_Problem details_
Only one stretch of the records below is wanted: the lines from the one holding "(simp add: relabel_f)" through the one holding "fix z assume". Return it exactly, both ends included.

Records from a dataset
- - - - - - -

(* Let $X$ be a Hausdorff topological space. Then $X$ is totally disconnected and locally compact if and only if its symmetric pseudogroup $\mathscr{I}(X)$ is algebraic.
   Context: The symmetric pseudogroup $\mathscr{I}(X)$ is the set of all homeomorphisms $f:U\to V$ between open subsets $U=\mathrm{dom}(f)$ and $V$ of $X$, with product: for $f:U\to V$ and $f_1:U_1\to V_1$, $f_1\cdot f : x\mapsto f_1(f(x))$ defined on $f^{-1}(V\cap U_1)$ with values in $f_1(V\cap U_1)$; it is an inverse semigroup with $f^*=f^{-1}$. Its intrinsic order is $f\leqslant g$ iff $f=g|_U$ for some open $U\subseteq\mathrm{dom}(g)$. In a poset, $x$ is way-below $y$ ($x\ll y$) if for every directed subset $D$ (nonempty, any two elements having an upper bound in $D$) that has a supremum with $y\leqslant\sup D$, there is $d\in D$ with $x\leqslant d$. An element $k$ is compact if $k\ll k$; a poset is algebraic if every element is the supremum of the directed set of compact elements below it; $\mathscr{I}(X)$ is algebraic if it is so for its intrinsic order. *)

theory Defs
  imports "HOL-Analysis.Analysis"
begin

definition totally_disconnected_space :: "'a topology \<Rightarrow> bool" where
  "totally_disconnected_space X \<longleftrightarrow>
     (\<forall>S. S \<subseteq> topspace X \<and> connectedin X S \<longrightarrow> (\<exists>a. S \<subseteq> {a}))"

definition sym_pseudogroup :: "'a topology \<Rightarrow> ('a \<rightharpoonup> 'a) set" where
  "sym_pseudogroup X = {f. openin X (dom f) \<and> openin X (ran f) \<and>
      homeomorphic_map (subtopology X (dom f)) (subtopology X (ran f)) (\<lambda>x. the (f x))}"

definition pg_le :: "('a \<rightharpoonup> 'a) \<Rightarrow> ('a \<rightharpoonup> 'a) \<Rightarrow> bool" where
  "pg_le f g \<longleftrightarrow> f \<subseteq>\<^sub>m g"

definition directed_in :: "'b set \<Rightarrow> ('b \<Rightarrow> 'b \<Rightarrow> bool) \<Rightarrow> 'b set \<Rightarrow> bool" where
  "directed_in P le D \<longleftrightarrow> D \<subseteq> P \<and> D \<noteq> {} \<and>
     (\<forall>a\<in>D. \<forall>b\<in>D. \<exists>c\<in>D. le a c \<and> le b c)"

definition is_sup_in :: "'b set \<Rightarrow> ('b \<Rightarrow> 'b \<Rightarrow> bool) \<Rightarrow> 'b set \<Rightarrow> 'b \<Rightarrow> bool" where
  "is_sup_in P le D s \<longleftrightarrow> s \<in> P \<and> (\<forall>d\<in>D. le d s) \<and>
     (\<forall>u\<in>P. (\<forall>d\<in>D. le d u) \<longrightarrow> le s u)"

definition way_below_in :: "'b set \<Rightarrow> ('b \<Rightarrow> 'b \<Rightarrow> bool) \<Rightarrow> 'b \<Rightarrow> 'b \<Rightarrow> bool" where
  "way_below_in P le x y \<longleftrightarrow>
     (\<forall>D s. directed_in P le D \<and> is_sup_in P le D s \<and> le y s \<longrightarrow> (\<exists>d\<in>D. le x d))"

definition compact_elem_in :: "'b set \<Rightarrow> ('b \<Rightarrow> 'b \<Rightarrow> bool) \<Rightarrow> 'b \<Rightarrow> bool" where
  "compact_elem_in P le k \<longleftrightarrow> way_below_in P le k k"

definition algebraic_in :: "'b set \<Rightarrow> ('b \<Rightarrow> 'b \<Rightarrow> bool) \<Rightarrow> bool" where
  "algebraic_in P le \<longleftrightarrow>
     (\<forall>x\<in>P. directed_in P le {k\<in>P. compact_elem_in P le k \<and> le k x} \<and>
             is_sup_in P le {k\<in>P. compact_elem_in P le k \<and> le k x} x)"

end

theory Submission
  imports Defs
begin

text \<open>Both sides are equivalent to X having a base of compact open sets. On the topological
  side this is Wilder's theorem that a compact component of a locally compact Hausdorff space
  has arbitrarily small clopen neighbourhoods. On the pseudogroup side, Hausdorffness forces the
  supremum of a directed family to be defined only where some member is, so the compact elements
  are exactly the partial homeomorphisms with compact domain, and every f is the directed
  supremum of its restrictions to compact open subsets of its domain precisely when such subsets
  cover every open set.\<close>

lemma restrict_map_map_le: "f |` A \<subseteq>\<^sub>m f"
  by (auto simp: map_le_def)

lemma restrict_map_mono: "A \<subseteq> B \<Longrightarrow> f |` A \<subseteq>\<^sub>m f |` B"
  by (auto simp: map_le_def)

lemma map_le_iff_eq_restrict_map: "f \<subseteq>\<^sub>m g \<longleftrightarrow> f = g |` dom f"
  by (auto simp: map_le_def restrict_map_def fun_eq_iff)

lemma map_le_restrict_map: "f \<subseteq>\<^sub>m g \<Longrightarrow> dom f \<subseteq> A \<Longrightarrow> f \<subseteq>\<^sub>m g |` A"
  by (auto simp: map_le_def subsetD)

- - - - - - -

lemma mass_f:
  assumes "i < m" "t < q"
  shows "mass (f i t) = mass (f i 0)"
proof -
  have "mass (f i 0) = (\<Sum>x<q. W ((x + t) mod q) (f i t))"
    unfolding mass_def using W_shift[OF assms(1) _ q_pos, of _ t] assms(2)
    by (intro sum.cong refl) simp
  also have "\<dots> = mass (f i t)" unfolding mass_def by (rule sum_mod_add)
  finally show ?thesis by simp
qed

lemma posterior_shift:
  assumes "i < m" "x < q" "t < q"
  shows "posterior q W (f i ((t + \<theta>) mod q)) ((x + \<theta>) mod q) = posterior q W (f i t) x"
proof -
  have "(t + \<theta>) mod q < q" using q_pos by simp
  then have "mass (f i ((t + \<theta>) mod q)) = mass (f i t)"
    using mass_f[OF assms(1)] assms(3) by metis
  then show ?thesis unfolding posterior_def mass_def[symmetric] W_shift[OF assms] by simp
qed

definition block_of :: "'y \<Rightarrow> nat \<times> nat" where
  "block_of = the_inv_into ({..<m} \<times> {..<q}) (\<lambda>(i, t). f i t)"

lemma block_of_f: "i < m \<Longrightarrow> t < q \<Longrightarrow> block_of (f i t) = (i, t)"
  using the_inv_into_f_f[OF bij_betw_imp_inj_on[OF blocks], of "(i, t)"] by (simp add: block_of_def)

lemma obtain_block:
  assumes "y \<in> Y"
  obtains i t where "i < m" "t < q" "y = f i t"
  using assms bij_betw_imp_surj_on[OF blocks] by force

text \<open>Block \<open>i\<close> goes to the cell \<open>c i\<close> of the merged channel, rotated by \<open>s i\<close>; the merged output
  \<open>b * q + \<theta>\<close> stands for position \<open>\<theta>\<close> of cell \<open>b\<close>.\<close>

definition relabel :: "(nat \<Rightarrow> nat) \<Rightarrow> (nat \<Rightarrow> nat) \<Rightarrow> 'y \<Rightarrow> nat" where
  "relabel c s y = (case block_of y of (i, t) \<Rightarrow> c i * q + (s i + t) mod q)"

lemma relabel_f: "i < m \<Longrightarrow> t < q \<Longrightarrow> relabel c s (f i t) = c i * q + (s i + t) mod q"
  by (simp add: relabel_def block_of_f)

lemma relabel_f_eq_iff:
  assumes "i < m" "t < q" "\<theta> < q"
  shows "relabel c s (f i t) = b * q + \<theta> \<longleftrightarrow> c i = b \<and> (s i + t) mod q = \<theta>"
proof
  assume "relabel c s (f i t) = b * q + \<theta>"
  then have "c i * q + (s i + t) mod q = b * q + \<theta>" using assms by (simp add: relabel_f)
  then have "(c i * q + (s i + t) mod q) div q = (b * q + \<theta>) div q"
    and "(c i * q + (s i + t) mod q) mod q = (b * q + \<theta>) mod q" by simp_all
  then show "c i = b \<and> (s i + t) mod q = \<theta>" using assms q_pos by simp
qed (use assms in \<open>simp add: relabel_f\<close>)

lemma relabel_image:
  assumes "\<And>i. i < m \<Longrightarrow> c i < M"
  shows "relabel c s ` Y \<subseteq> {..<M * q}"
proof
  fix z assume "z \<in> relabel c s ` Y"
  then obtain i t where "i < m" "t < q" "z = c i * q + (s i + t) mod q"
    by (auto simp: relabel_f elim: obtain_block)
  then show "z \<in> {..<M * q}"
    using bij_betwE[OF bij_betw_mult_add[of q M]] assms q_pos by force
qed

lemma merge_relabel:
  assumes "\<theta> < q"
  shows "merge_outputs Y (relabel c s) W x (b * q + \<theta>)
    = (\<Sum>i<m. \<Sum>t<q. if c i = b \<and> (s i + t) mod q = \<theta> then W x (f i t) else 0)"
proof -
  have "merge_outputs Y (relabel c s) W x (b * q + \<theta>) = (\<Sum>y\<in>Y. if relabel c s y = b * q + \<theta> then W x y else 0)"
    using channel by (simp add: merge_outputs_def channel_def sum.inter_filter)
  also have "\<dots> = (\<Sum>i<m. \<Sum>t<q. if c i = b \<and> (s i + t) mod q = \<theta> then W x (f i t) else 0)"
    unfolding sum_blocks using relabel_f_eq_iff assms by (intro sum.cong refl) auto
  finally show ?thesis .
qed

- - - - - - -

_Answer to the problem_
  then have "c i * q + (s i + t) mod q = b * q + \<theta>" using assms by (simp add: relabel_f)
  then have "(c i * q + (s i + t) mod q) div q = (b * q + \<theta>) div q"
    and "(c i * q + (s i + t) mod q) mod q = (b * q + \<theta>) mod q" by simp_all
  then show "c i = b \<and> (s i + t) mod q = \<theta>" using assms q_pos by simp
qed (use assms in \<open>simp add: relabel_f\<close>)

lemma relabel_image:
  assumes "\<And>i. i < m \<Longrightarrow> c i < M"
  shows "relabel c s ` Y \<subseteq> {..<M * q}"
proof
  fix z assume "z \<in> relabel c s ` Y"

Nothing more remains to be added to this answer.